Old jokes
Guys, I know this is kinda weird, but everyone who wants to... Put your name and your age in the comment section. Not address though because that would not be good for creepers... Lol I am Lucy and I am 15 years old. What about you guys? :D
Yo momma's so old that even scientists get baffled about where she lived before Earth was created.
how old are my girlfriends
https://www.youtube.com/watch?v=EjBTsoYph48 oh and there my little sisters
What do 15-year-old boys and washing machines have in common?
They both like keeping one sock for themselves.
We are coming out with a Whopper that is similar to a priest because it also has its meat between 5-year-old buns.
Lil Nas X is so gay, I would fuck him in the Old Town Road.
Father talks to his 5-year-old son: “No, Petie, you don’t have to worry. There is no monster sleeping under your bed. It sleeps every day in the bed next to me.”
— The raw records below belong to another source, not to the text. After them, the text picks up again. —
(* Assume the abstract framework described in the context. Let $f\in\mathcal{D}_2$. Then the element $$\mathbf{D}^{B}_\Omega f := -F|_\Omega + \big(\Pi^L(L(\mathbf{1}_\Omega F))\big)|_\Omega\in\mathcal{H}_2^\Omega$$ does not depend on the choice of $F\in\mathcal{H}_2$ with $\operatorname{Tr}_2F=f$; likewise $\mathbf{D}^{B}_{\mathcal{C}} f := -F|_{\mathcal{C}} + \big(\Pi^L(L(\mathbf{1}_{\mathcal{C}} F))\big)|_{\mathcal{C}}\in\mathcal{H}_2^{\mathcal{C}}$ does not depend on this choice. Moreover, for all $f\in\mathcal{D}_2$ and $g\in\mathcal{N}_2$, $$\|\mathbf{D}^{B}_\Omega f\|_{\mathcal{H}_2^\Omega}\le \frac{\|B^{\mathcal{C}}\|}{\lambda}\|f\|_{\mathcal{D}_2},\qquad \|\mathbf{D}^{B}_{\mathcal{C}} f\|_{\mathcal{H}_2^{\mathcal{C}}}\le \frac{\|B^{\Omega}\|}{\lambda}\|f\|_{\mathcal{D}_2},\qquad \|\mathbf{S}^L_\Omega g\|_{\mathcal{H}_2}\le \frac{1}{\lambda}\|g\|_{\mathcal{N}_2},$$ where $\|B^\Omega\|$, $\|B^{\mathcal C}\|$ denote the bounds (norms) of the bounded bilinear forms $B^\Omega$, $B^{\mathcal C}$.
   Context: Abstract framework. Let $\mathcal{H}_1,\mathcal{H}_2$ be complex Hilbert spaces, and for $j=1,2$ let $\widehat{\mathcal{H}}_j^\Omega$, $\widehat{\mathcal{H}}_j^{\mathcal{C}}$, $\widehat{\mathcal{D}}_j$ be normed (or seminormed) vector spaces. We are given bounded linear operators $\operatorname{Tr}_j:\mathcal{H}_j\to\widehat{\mathcal{D}}_j$ and bounded linear "restriction" operators $F\mapsto F|_\Omega$ from $\mathcal{H}_j$ to $\widehat{\mathcal{H}}_j^\Omega$ and $F\mapsto F|_{\mathcal{C}}$ from $\mathcal{H}_j$ to $\widehat{\mathcal{H}}_j^{\mathcal{C}}$. Define $\mathcal{H}_j^\Omega=\{F|_\Omega:F\in\mathcal{H}_j\}$ with norm $\|f\|_{\mathcal{H}_j^\Omega}=\inf\{\|F\|_{\mathcal{H}_j}:F|_\Omega=f\}$, similarly $\mathcal{H}_j^{\mathcal{C}}$, and $\mathcal{D}_j=\{\operatorname{Tr}_jF:F\in\mathcal{H}_j\}$ with norm $\|f\|_{\mathcal{D}_j}=\inf\{\|F\|_{\mathcal{H}_j}:\operatorname{Tr}_jF=f\}$ (each modulo elements of norm zero). Let $\mathcal{N}_2=\mathcal{D}_1^*$ and $\mathcal{N}_1=\mathcal{D}_2^*$ be the dual spaces, $\langle\cdot,\cdot\rangle$ denoting duality pairings. We are given bounded bilinear forms $B:\mathcal{H}_1\times\mathcal{H}_2\to\mathbb{C}$, $B^\Omega:\mathcal{H}_1^\Omega\times\mathcal{H}_2^\Omega\to\mathbb{C}$, $B^{\mathcal{C}}:\mathcal{H}_1^{\mathcal{C}}\times\mathcal{H}_2^{\mathcal{C}}\to\mathbb{C}$, and there is $\lambda>0$ such that for all $u\in\mathcal{H}_1$, $v\in\mathcal{H}_2$, and all $\varphi,\psi\in\mathcal{H}_j$ ($j\in\{1,2\}$): (i) $\sup_{w\in\mathcal{H}_1\setminus\{0\}}|B(w,v)|/\|w\|_{\mathcal{H}_1}\ge\lambda\|v\|_{\mathcal{H}_2}$ and $\sup_{w\in\mathcal{H}_2\setminus\{0\}}|B(u,w)|/\|w\|_{\mathcal{H}_2}\ge\lambda\|u\|_{\mathcal{H}_1}$; (ii) $B(u,v)=B^\Omega(u|_\Omega,v|_\Omega)+B^{\mathcal{C}}(u|_{\mathcal{C}},v|_{\mathcal{C}})$; (iii) if $\operatorname{Tr}_j\varphi=\operatorname{Tr}_j\psi$ then there is $w\in\mathcal{H}_j$ with $w|_\Omega=\varphi|_\Omega$, $w|_{\mathcal{C}}=\psi|_{\mathcal{C}}$ and $\operatorname{Tr}_jw=\operatorname{Tr}_j\varphi$. Definitions: for $u\in\mathcal{H}_2$, $Lu\in\mathcal{H}_1^*$ is given by $\langle\varphi,Lu\rangle=B(\varphi,u)$. For $u\in\mathcal{H}_2^\Omega$, $L(u\mathbf{1}_\Omega)\in\mathcal{H}_1^*$ is given by $\langle\varphi,L(u\mathbf{1}_\Omega)\rangle=B^\Omega(\varphi|_\Omega,u)$ for all $\varphi\in\mathcal{H}_1$; for $F\in\mathcal H_2$, $L(\mathbf 1_\Omega F)$ means $L(F|_\Omega\mathbf 1_\Omega)$; analogously $L(u\mathbf{1}_{\mathcal{C}})$ with $B^{\mathcal{C}}$. Newton potential: for $H\in\mathcal{H}_1^*$, $\Pi^LH$ is the unique element of $\mathcal{H}_2$ with $B(\varphi,\Pi^LH)=\langle\varphi,H\rangle$ for all $\varphi\in\mathcal{H}_1$ (it exists uniquely by the Babuška–Lax–Milgram theorem). Single layer potential: for $g\in\mathcal{N}_2$, $\mathbf{S}^L_\Omega g$ is the unique element of $\mathcal{H}_2$ with $B(\varphi,\mathbf{S}^L_\Omega g)=\langle\operatorname{Tr}_1\varphi,g\rangle$ for all $\varphi\in\mathcal{H}_1$. *)

theory Defs
  imports "HOL-Analysis.Analysis"
begin

class complex_vector = real_vector +
  fixes scaleC :: "complex \<Rightarrow> 'a \<Rightarrow> 'a"
  assumes scaleC_add_right: "scaleC a (x + y) = scaleC a x + scaleC a y"
    and scaleC_add_left: "scaleC (a + b) x = scaleC a x + scaleC b x"
    and scaleC_scaleC: "scaleC a (scaleC b x) = scaleC (a * b) x"
    and scaleC_one: "scaleC 1 x = x"
    and scaleR_scaleC: "scaleR r x = scaleC (complex_of_real r) x"

instantiation complex :: complex_vector
begin
definition scaleC_complex_def: "scaleC a (z::complex) = a * z"
instance
  by standard (auto simp: scaleC_complex_def algebra_simps scaleR_conv_of_real)
end

class complex_inner = complex_vector + real_normed_vector +
  fixes cinner :: "'a \<Rightarrow> 'a \<Rightarrow> complex"
  assumes cinner_add_left: "cinner (x + y) z = cinner x z + cinner y z"
    and cinner_scaleC_left: "cinner (scaleC a x) y = a * cinner x y"
    and cinner_commute: "cinner x y = cnj (cinner y x)"
    and norm_eq_sqrt_cinner: "norm x = sqrt (Re (cinner x x))"

class chilbert_space = complex_inner + complete_space
(* Let $(\mathfrak{g},[\cdot,\ldots,\cdot],\varepsilon,\alpha)$ be an $n$-Hom-Lie color algebra and $\mathcal{P}$ a strict product structure on it. Then $\mathcal{P}$ is a product structure on $\mathfrak{g}$, and, writing $\mathfrak{g}_+=\{x:\mathcal{P}x=x\}$ and $\mathfrak{g}_-=\{x:\mathcal{P}x=-x\}$, for every $1\le i\le n-1$ we have $[a_1,\ldots,a_i,b_{i+1},\ldots,b_n]=0$ for all $a_1,\ldots,a_i\in\mathfrak{g}_+$ and $b_{i+1},\ldots,b_n\in\mathfrak{g}_-$.
   Context: $\mathbb{K}$ is a field of characteristic zero and $\Gamma$ an abelian group. A bicharacter is a map $\varepsilon:\Gamma\times\Gamma\to\mathbb{K}\setminus\{0\}$ with $\varepsilon(a,b)\varepsilon(b,a)=1$, $\varepsilon(a,b+c)=\varepsilon(a,b)\varepsilon(a,c)$, $\varepsilon(a+b,c)=\varepsilon(a,c)\varepsilon(b,c)$. For homogeneous $x,y$, $\varepsilon(x,y)=\varepsilon(|x|,|y|)$ and $\varepsilon(x,y_1+\dots+y_k)=\varepsilon(|x|,|y_1|+\dots+|y_k|)$ ($=1$ for an empty sum). An $n$-Hom-Lie color algebra $(\mathfrak{g},[\cdot,\ldots,\cdot],\varepsilon,\alpha)$ is a $\Gamma$-graded vector space with an $n$-linear bracket of degree zero, a bicharacter $\varepsilon$ and a degree-zero linear map $\alpha$ such that for homogeneous elements: (i) $[x_1,\ldots,x_i,x_{i+1},\ldots,x_n]=-\varepsilon(x_i,x_{i+1})[x_1,\ldots,x_{i+1},x_i,\ldots,x_n]$; (ii) $[\alpha(x_1),\ldots,\alpha(x_{n-1}),[y_1,\ldots,y_n]]=\sum_{i=1}^n\varepsilon(x_1+\dots+x_{n-1},y_1+\dots+y_{i-1})[\alpha(y_1),\ldots,\alpha(y_{i-1}),[x_1,\ldots,x_{n-1},y_i],\alpha(y_{i+1}),\ldots,\alpha(y_n)]$. For a degree-zero linear $\mathcal{N}$ set $[\cdot]^0_{\mathcal{N}}=[\cdot]$ and $[x_1,\ldots,x_n]^j_{\mathcal{N}}=\sum_{i_1<\dots<i_j}[x_1,\ldots,\mathcal{N}x_{i_1},\ldots,\mathcal{N}x_{i_j},\ldots,x_n]-\mathcal{N}([x_1,\ldots,x_n]^{j-1}_{\mathcal{N}})$ for $1\le j\le n-1$; $\mathcal{N}$ is a Nijenhuis operator if $\mathcal{N}\alpha=\alpha\mathcal{N}$ and $[\mathcal{N}x_1,\ldots,\mathcal{N}x_n]=\mathcal{N}([x_1,\ldots,x_n]^{n-1}_{\mathcal{N}})$. An almost product structure is a degree-zero linear $\mathcal{P}$ with $\mathcal{P}\neq\pm\mathrm{id}$ and $\mathcal{P}^2=\mathrm{id}$; a product structure is an almost product structure which is a Nijenhuis operator. A degree-zero linear map $\Theta$ is in the centroid if $\Theta\alpha=\alpha\Theta$ and $\Theta([x_1,x_2,\ldots,x_n])=[\Theta x_1,x_2,\ldots,x_n]$ for all $x_i$. A strict product structure is an almost product structure lying in the centroid. *)

theory Defs
  imports Complex_Main
begin
(* Let $T$ be a complete $L$-theory with monster model $\mathcal U$; identify $\phi(a,b)$ with $1$ if it holds and $0$ otherwise. Then $T$ is stable if and only if both of the following hold: (i) for every formula $\phi(x,y)$ and every sequence $(a_i:i<\omega)$ in $\mathcal U$ there are a subsequence $(a_{j_i}:i<\omega)$ and a natural number $N$ such that the sequence $\phi(a_{j_i},y)$ converges pointwise to a function $f$ and $\sum_{i=1}^\infty|\phi(a_{j_i},b)-\phi(a_{j_{i+1}},b)|\le N$ for every $b\in\mathcal U$; (ii) for every formula $\phi(x,y)$ and every sequence $(a_i:i<\omega)$ in $\mathcal U$, if the sequence $\phi(a_i,y)$ converges pointwise to a function $f$ and there is a natural number $N$ with $\sum_{i=1}^\infty|\phi(a_i,b)-\phi(a_{i+1},b)|\le N$ for every $b\in\mathcal U$, then $f$ is continuous.
   Context: $T$ is stable if no formula $\phi(x,y)$ has the order property, i.e. there are no sequences $(a_i),(b_j)$ in $\mathcal U$ with $\phi(a_i,b_j)\iff i<j$. The functions $\phi(a_i,y)$ are regarded as continuous $\{0,1\}$-valued functions on the Stone space $S_{\tilde\phi}(\{a_i:i<\omega\})$ of complete $\tilde\phi$-types over $\{a_i:i<\omega\}$ (where $\tilde\phi(y,x)=\phi(x,y)$), sending a type $q$ to $1$ iff $\phi(a_i,y)\in q$; convergence and continuity of $f$ refer to this space. *)

theory Defs
  imports "HOL-Analysis.Analysis"
begin

datatype 'f trm = Var nat | Fn 'f "'f trm list"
I just prevented a 10-year-old from getting assaulted.
Nothing much, I just decided to go home.
What does Leo have in common with a newspaper?
They both love to yap and babble, and they always get fondled by old people.
My owl turned 180 today.
He isn’t old, he just has a bad neck.
I want to make a joke about old age, but I'm too senile to finish it.
Hey, my man, why you got them damn old, stanky-looking Whoopi Goldberg cornrows on you head? Are y'all twins, or boyfriend and girlfriend, 'cause if y'all are, go get married in Color Purple land.
Once the old lady told me she had wisdom, but after she voted! 🤯
For all those Simpsons fans out there, this one I'm sure you know:
Abe: "It's rotten being old. No one listens to you."
Lisa: "It's awful being a kid. No one listens to you."
Homer: "I'm a white male, aged 18-49. Everyone listens to me--no matter how dumb my suggestions are."
Call this for a gay old time! 0275535101
When a 68 year old teacher says: "I am going to tackle an intruder if I have to!"
Me: "Oh hell nah"
Why do golfers bring a spare pair of socks?
In case they get a hole in one.
Hey, what's your age, Jordan? Probably 5 years old.
A man dies of old age on his 25th birthday. How is this possible?
Answer: He was born on February 29.
Me: I have the body of a 28 year old.
Her: Prove it.
Me: (opens freezer)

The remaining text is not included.